EXERCISE REQUIREMENTS
Wherever the word "theory" occurs in the lines below, copy the whole line.

RECORDS SHOWN
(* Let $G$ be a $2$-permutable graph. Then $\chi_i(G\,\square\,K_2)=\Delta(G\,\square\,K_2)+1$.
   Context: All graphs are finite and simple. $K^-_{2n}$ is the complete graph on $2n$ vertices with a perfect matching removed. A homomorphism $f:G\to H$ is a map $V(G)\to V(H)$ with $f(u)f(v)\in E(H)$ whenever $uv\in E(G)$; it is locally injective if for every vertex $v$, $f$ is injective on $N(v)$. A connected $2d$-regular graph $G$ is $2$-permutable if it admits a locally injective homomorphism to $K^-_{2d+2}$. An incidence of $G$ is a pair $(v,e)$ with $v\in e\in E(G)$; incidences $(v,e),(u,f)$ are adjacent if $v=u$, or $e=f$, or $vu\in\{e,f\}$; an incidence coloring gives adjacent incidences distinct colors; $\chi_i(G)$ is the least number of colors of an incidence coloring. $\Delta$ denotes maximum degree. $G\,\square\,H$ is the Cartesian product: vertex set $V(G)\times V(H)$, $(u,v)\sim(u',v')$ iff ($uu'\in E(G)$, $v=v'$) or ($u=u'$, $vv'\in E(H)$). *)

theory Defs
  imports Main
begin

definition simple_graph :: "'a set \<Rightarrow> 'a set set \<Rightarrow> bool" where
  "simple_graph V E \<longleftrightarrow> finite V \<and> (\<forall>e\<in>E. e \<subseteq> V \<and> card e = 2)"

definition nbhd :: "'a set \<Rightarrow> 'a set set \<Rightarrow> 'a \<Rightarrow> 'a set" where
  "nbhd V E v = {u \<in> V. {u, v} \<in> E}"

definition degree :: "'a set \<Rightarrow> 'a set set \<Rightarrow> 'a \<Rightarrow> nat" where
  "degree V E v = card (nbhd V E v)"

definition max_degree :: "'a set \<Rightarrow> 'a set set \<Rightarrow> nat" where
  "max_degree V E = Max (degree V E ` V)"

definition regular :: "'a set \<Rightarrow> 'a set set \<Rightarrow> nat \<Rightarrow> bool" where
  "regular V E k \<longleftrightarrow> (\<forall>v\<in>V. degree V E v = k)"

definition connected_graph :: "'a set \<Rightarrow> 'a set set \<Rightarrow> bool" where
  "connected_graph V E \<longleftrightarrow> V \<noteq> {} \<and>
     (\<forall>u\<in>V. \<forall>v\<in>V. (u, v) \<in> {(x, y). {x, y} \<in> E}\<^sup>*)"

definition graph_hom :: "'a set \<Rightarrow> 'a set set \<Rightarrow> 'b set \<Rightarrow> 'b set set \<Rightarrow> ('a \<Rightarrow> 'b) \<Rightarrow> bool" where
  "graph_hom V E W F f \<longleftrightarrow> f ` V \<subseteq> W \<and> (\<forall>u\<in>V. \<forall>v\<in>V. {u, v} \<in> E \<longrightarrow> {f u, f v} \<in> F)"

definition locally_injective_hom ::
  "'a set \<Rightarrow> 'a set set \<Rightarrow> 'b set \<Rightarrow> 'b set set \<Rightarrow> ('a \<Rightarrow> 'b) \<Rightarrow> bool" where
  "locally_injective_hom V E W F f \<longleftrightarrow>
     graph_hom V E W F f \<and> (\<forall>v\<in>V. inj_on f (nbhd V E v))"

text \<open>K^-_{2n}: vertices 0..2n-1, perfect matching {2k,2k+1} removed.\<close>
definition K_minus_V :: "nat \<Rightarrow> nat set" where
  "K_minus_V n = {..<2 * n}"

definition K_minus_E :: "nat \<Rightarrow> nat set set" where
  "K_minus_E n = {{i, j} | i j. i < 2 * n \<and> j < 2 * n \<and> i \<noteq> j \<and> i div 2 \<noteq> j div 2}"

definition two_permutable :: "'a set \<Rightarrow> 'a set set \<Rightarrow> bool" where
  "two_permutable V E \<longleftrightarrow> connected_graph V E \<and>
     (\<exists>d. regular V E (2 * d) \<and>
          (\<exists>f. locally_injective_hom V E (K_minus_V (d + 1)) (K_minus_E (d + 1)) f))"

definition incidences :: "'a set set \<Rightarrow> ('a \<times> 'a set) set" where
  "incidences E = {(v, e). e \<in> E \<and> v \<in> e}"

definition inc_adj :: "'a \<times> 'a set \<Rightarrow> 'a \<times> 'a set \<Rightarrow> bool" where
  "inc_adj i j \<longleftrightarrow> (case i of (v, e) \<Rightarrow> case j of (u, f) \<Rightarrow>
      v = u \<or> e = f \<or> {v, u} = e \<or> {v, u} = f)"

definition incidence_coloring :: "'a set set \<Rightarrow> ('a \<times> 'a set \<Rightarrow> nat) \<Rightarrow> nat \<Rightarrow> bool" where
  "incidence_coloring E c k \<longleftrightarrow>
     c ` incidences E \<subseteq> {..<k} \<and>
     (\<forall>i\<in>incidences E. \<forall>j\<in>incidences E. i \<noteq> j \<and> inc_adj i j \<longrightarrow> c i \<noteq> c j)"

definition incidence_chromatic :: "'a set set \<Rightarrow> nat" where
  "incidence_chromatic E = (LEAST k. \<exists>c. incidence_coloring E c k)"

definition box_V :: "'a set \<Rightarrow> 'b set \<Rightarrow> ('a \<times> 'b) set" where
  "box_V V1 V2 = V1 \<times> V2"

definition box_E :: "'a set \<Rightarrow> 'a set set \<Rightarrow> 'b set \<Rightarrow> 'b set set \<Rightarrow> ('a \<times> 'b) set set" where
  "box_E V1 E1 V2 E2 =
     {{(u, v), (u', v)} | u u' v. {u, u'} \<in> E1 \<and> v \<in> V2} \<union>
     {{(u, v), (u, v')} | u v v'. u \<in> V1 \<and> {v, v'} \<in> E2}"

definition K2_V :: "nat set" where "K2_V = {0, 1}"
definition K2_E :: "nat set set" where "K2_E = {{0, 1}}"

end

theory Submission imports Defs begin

FINISHED TASK
theory Defs
theory Submission imports Defs begin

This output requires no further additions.